lemma periodic_int: "N (x + of_int m * a) = N x"
proof -
  have nat_shift: "N (y + real n * a) = N y" for y n
  proof (induction n)
    case (Suc n)
    have "N (y + real (Suc n) * a) = N ((y + real n * a) + a)" by (simp add: algebra_simps)
    then show ?case using periodic Suc by simp
  qed simp
  show ?thesis
  proof (cases "m \<ge> 0")
    case True
    then show ?thesis using nat_shift[of x "nat m"] by simp
  next
    case False
    then have "x = (x + of_int m * a) + real (nat (- m)) * a" by simp
    then show ?thesis using nat_shift[of "x + of_int m * a" "nat (- m)"] by metis
  qed
qed

definition phase :: "real \<Rightarrow> real" where
  "phase w = w - a * of_int \<lfloor>w / a\<rfloor>"

lemma phase_bounds: "0 \<le> phase w" "phase w < a"
proof -
  have "of_int \<lfloor>w / a\<rfloor> \<le> w / a" by simp
  then show "0 \<le> phase w"
    using period_pos by (simp add: phase_def le_divide_eq mult.commute)
  have "w / a < of_int \<lfloor>w / a\<rfloor> + 1" by simp
  then show "phase w < a"
    using period_pos by (simp add: phase_def divide_less_eq algebra_simps)
qed

lemma phase_eq_zero_iff: "phase w = 0 \<longleftrightarrow> (\<exists>m::int. w = of_int m * a)"
proof
  assume "\<exists>m::int. w = of_int m * a"
  then obtain m :: int where "w = of_int m * a" by blast
  then show "phase w = 0" using period_pos by (simp add: phase_def)
next
  assume "phase w = 0"
  then have "w = of_int \<lfloor>w / a\<rfloor> * a" by (simp add: phase_def mult.commute)
  then show "\<exists>m::int. w = of_int m * a" by blast
qed

lemma phase_off_lattice:
  assumes "x \<notin> range (\<lambda>m::int. c + of_int m * a)"
  shows "phase (x - c) \<noteq> 0"
proof
  assume "phase (x - c) = 0"
  then obtain m :: int where "x - c = of_int m * a" using phase_eq_zero_iff by blast
  then have "x = c + of_int m * a" by simp
  then show False using assms by blast
qed

lemma floor_period_eqI:
  assumes "a * of_int m \<le> w" "w < a * (of_int m + 1)"
  shows "\<lfloor>w / a\<rfloor> = m"
  using assms period_pos by (simp add: floor_eq_iff field_simps)

lemma N_phase:
  assumes "phase w \<noteq> 0"
  shows "N w = Nplus a * exp (- phase w)"
proof -
  have "N w = N (phase w + of_int \<lfloor>w / a\<rfloor> * a)" by (simp add: phase_def)
  also have "\<dots> = N (phase w)" by (rule periodic_int)
  also have "\<dots> = Nplus a * exp (- phase w)"
    using on_period assms phase_bounds[of w] by simp
  finally show ?thesis .
qed

lemma sigma_sawtooth:
  assumes "r \<in> {0<..<a}"
  shows "sigma a (Nplus a * exp (- r)) = a + r"
proof -
  have "Nplus a * exp (- r) = Nminus a * exp (a - r)"
    using Nplus_eq by (simp add: exp_diff exp_minus field_simps)
  moreover have "exp (a - r) > 1" using assms by simp
  ultimately have "Nplus a * exp (- r) > Nminus a" using Nminus_pos by simp
  moreover have "Nplus a * exp (- r) \<le> Nplus a" using assms Nplus_pos by simp
  moreover have "ln (Nplus a * exp (- r)) = a + ln (Nminus a) - r"
    using Nplus_eq Nminus_pos by (simp add: ln_mult)
  ultimately show ?thesis by (simp add: sigma_def)
qed

lemma sigma_N_phase:
  assumes "phase w \<noteq> 0"
  shows "sigma a (N w) = a + phase w"
  using N_phase[OF assms] sigma_sawtooth[of "phase w"] phase_bounds[of w] assms by simp


section \<open>The survival exponent of the periodic solution\<close>

lemma death_condition_iff:
  assumes "phase (t - s + u) \<noteq> 0"
  shows "u > sigma a (N (t - s + u)) \<longleftrightarrow> u > s - t + a * (of_int \<lfloor>(t - s) / a\<rfloor> + 2)"
proof -
  define w where "w = t - s + u"
  define m where "m = \<lfloor>w / a\<rfloor>"
  define c where "c = \<lfloor>(t - s) / a\<rfloor> + 2"
  have "\<not> (\<exists>m::int. w = of_int m * a)" using assms phase_eq_zero_iff[of w] by (simp add: w_def)
  then have off_lattice: "w \<noteq> of_int c * a" by blast
  have "sigma a (N w) = a + w - a * of_int m"
    using sigma_N_phase[OF assms] by (simp add: phase_def m_def w_def)
  then have "u > sigma a (N w) \<longleftrightarrow> (t - s) < (of_int m - 1) * a"
    by (auto simp: w_def algebra_simps)
  also have "\<dots> \<longleftrightarrow> (t - s) / a < of_int (m - 1)"
    using period_pos by (simp add: pos_divide_less_eq)
  also have "\<dots> \<longleftrightarrow> c \<le> m"
    unfolding floor_less_iff[symmetric] c_def by linarith
  also have "\<dots> \<longleftrightarrow> of_int c * a \<le> w"
    using period_pos by (simp add: m_def le_floor_iff pos_le_divide_eq)
  also have "\<dots> \<longleftrightarrow> of_int c * a < w"
    using off_lattice by auto
  finally show ?thesis by (simp add: w_def c_def algebra_simps)
qed

lemma survival_exponent:
  assumes "0 \<le> s"
  shows "integral {0..s} (\<lambda>u. if u > sigma a (N (t - s + u)) then 1 else 0)
         = max 0 (t - a * (of_int \<lfloor>(t - s) / a\<rfloor> + 2))"
proof -
  define c where "c = s - t + a * (of_int \<lfloor>(t - s) / a\<rfloor> + 2)"
  have "(t - s) / a < of_int \<lfloor>(t - s) / a\<rfloor> + 1" by linarith
  then have "c \<ge> 0" using period_pos assms by (simp add: c_def field_simps)
  have "integral {0..s} (\<lambda>u. if u > sigma a (N (t - s + u)) then 1 else 0)
        = integral {0..s} (\<lambda>u. if u > c then 1 else 0 :: real)"
  proof (rule integral_spike[OF negligible_int_lattice[of "s - t" a]])
    fix u assume "u \<in> {0..s} - range (\<lambda>m::int. s - t + of_int m * a)"
    then have "phase (u - (s - t)) \<noteq> 0" by (intro phase_off_lattice) auto
    then have "phase (t - s + u) \<noteq> 0" by (simp add: algebra_simps)
    then show "(if u > c then 1 else 0) = (if u > sigma a (N (t - s + u)) then 1 else 0 :: real)"
      using death_condition_iff by (simp add: c_def)
  qed
  also have "\<dots> = max 0 (s - c)"
    by (rule integral_unique[OF has_integral_threshold[OF \<open>c \<ge> 0\<close> assms]])
  finally show ?thesis by (simp add: c_def)
qed

lemma nsol_formula:
  assumes "0 \<le> s" "phase (t - s) \<noteq> 0"
  shows "nsol a N s t
         = Nplus a * exp (- phase (t - s) - max 0 (t - a * (of_int \<lfloor>(t - s) / a\<rfloor> + 2)))"
  using N_phase[OF assms(2)] survival_exponent[OF assms(1), of t]
  by (simp add: nsol_def exp_diff exp_minus field_simps)

lemma nsol_shift: "nsol a N s (t + of_int m * a) = nsol a N s t"
proof -
  have "N (t + of_int m * a + x) = N (t + x)" for x
    using periodic_int[of "t + x" m] by (simp add: algebra_simps)
  from this[of "- s"] this[of "u - s" for u] show ?thesis
    by (simp add: nsol_def algebra_simps)
qed


section \<open>The profile is discontinuous exactly on the lattice\<close>

lemma N_after_lattice:
  assumes "h \<in> {0<..<a}"
  shows "N (of_int m * a + h) = Nplus a * exp (- h)"
  using periodic_int[of h m] on_period[OF assms] by (simp add: add.commute)

text \<open>N jumps from Nplus a * exp (- a) up to Nplus a at each lattice point, so it is
  continuous only off the lattice.\<close>
lemma N_jumps:
  assumes "isCont N t"
  shows "phase t \<noteq> 0"
proof
  assume "phase t = 0"
  then obtain m :: int where t: "t = of_int m * a" using phase_eq_zero_iff by blast
  have "eventually (\<lambda>y. Nplus a * exp (- (y - t)) = N y) (at_right t)"
    unfolding eventually_at_right_field
    using period_pos N_after_lattice[of "y - t" m for y] t by (intro exI[of _ "t + a"]) auto
  moreover have "((\<lambda>y. Nplus a * exp (- (y - t))) \<longlongrightarrow> Nplus a * exp (- (t - t))) (at_right t)"
    by (intro tendsto_intros)
  ultimately have right: "(N \<longlongrightarrow> Nplus a) (at_right t)" by (simp add: tendsto_cong)
  have "eventually (\<lambda>y. Nplus a * exp (- (y - (t - a))) = N y) (at_left t)"
    unfolding eventually_at_left_field
    using period_pos N_after_lattice[of "y - (t - a)" "m - 1" for y] t
    by (intro exI[of _ "t - a"]) (auto simp: algebra_simps)
  moreover have "((\<lambda>y. Nplus a * exp (- (y - (t - a)))) \<longlongrightarrow> Nplus a * exp (- (t - (t - a)))) (at_left t)"
    by (intro tendsto_intros)
  ultimately have left: "(N \<longlongrightarrow> Nplus a * exp (- a)) (at_left t)" by (simp add: tendsto_cong)
  have "(N \<longlongrightarrow> N t) (at_right t)" "(N \<longlongrightarrow> N t) (at_left t)"
    using assms continuous_at_split[of t N] by (auto simp: continuous_within)
  then have "Nplus a = Nplus a * exp (- a)"
    using tendsto_unique[OF trivial_limit_at_right_real right]
          tendsto_unique[OF trivial_limit_at_left_real left] by simp
  then show False using period_pos Nplus_pos by simp
qed

section \<open>The periodic solution at a time inside the first period\<close>

context
  fixes t :: real
  assumes t_period: "t \<in> {0<..<a}"
begin

text \<open>Ages below t: the individual was born after the last jump of N and never died.\<close>
lemma nsol_young:
  assumes "0 \<le> s" "s < t"
  shows "nsol a N s t = Nplus a * exp (s - t)"
proof -
  have floor: "\<lfloor>(t - s) / a\<rfloor> = 0"
    using assms t_period by (intro floor_period_eqI) auto
  then have phase: "phase (t - s) = t - s" by (simp add: phase_def)
  have "max 0 (t - a * (of_int \<lfloor>(t - s) / a\<rfloor> + 2)) = 0"
    using t_period floor by simp
  then show ?thesis
    using nsol_formula[of s t] phase assms by simp
qed

lemma nsol_on_period:
  assumes "t + real k * a < s" "s < t + real (Suc k) * a"
  shows "nsol a N s t = Nplus a * exp (- max 0 (t + (real k - 1) * a)) * exp (s - (t + real (Suc k) * a))"
proof -
  have floor: "\<lfloor>(t - s) / a\<rfloor> = - int (Suc k)"
    using assms by (intro floor_period_eqI) (auto simp: algebra_simps)
  have phase: "phase (t - s) = t - s + real (Suc k) * a"
    unfolding phase_def floor by (simp add: algebra_simps)
  have exponent: "t - a * (of_int \<lfloor>(t - s) / a\<rfloor> + 2) = t + (real k - 1) * a"
    unfolding floor by (simp add: algebra_simps)
  have "0 \<le> real k * a" "0 < t" using period_pos t_period by simp_all
  then have "0 \<le> s" using assms(1) by linarith
  moreover have "phase (t - s) \<noteq> 0" using phase assms by simp
  ultimately have "nsol a N s t
      = Nplus a * exp (- phase (t - s) - max 0 (t - a * (of_int \<lfloor>(t - s) / a\<rfloor> + 2)))"
    by (rule nsol_formula)
  also have "\<dots> = Nplus a * exp (- max 0 (t + (real k - 1) * a) + (s - (t + real (Suc k) * a)))"
    unfolding phase exponent by (simp add: algebra_simps)
  finally show ?thesis by (simp only: exp_add mult.assoc)
qed

lemma integral_young: "((\<lambda>s. nsol a N s t) has_integral Nplus a * (1 - exp (- t))) {0..t}"
  using has_integral_exp_piece[of 0 t "\<lambda>s. nsol a N s t" "Nplus a"] t_period nsol_young by simp

lemma integral_period:
  "((\<lambda>s. nsol a N s t) has_integral Nplus a * exp (- max 0 (t + (real k - 1) * a)) * (1 - exp (- a)))
     {t + real k * a .. t + real (Suc k) * a}"
proof -
  have "((\<lambda>s. nsol a N s t) has_integral Nplus a * exp (- max 0 (t + (real k - 1) * a))
          * (1 - exp ((t + real k * a) - (t + real (Suc k) * a))))
        {t + real k * a .. t + real (Suc k) * a}"
  proof (rule has_integral_exp_piece)
    show "t + real k * a \<le> t + real (Suc k) * a" using period_pos by simp
  qed (intro nsol_on_period; simp)
  moreover have "(t + real k * a) - (t + real (Suc k) * a) = - a" by (simp add: algebra_simps)
  ultimately show ?thesis by simp
qed

text \<open>On [t + a, t + a + K a] the mass is a geometric sum with ratio exp (- a).\<close>
lemma integral_tail_partial:
  "((\<lambda>s. nsol a N s t) has_integral Nplus a * exp (- t) * (1 - exp (- (real K * a))))
     {t + a .. t + a + real K * a}"
proof (induction K)
  case 0
  show ?case using has_integral_refl(1)[of "\<lambda>s. nsol a N s t" "t + a"] by simp
next
  case (Suc K)
  have "max 0 (t + (real (Suc K) - 1) * a) = t + real K * a"
    using t_period period_pos by simp
  then have coeff: "Nplus a * exp (- max 0 (t + (real (Suc K) - 1) * a)) * (1 - exp (- a))
      = Nplus a * exp (- t) * (exp (- (real K * a)) - exp (- (real (Suc K) * a)))"
    by (simp add: distrib_right exp_add[symmetric] algebra_simps)
  have lo: "t + real (Suc K) * a = t + a + real K * a"
    and hi: "t + real (Suc (Suc K)) * a = t + a + real (Suc K) * a"
    by (simp_all add: algebra_simps)
  have next_period: "((\<lambda>s. nsol a N s t) has_integral
      Nplus a * exp (- t) * (exp (- (real K * a)) - exp (- (real (Suc K) * a))))
      {t + a + real K * a .. t + a + real (Suc K) * a}"
    using integral_period[of "Suc K"] unfolding coeff lo hi .
  have "((\<lambda>s. nsol a N s t) has_integral
      Nplus a * exp (- t) * (1 - exp (- (real K * a)))
      + Nplus a * exp (- t) * (exp (- (real K * a)) - exp (- (real (Suc K) * a))))
      {t + a .. t + a + real (Suc K) * a}"
    by (rule has_integral_combine[OF _ _ Suc next_period]) (use period_pos in auto)
  then show ?case by (simp add: algebra_simps)
qed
========
◆ Exercise goal:
Retype word for word everything in the listing above from the line that holds "using Nplus_eq by" down to the line that holds "define w where". Keep both end lines and leave out the rest.

◆ Response:
    using Nplus_eq by (simp add: exp_diff exp_minus field_simps)
  moreover have "exp (a - r) > 1" using assms by simp
  ultimately have "Nplus a * exp (- r) > Nminus a" using Nminus_pos by simp
  moreover have "Nplus a * exp (- r) \<le> Nplus a" using assms Nplus_pos by simp
  moreover have "ln (Nplus a * exp (- r)) = a + ln (Nminus a) - r"
    using Nplus_eq Nminus_pos by (simp add: ln_mult)
  ultimately show ?thesis by (simp add: sigma_def)
qed

lemma sigma_N_phase:
  assumes "phase w \<noteq> 0"
  shows "sigma a (N w) = a + phase w"
  using N_phase[OF assms] sigma_sawtooth[of "phase w"] phase_bounds[of w] assms by simp


section \<open>The survival exponent of the periodic solution\<close>

lemma death_condition_iff:
  assumes "phase (t - s + u) \<noteq> 0"
  shows "u > sigma a (N (t - s + u)) \<longleftrightarrow> u > s - t + a * (of_int \<lfloor>(t - s) / a\<rfloor> + 2)"
proof -
  define w where "w = t - s + u"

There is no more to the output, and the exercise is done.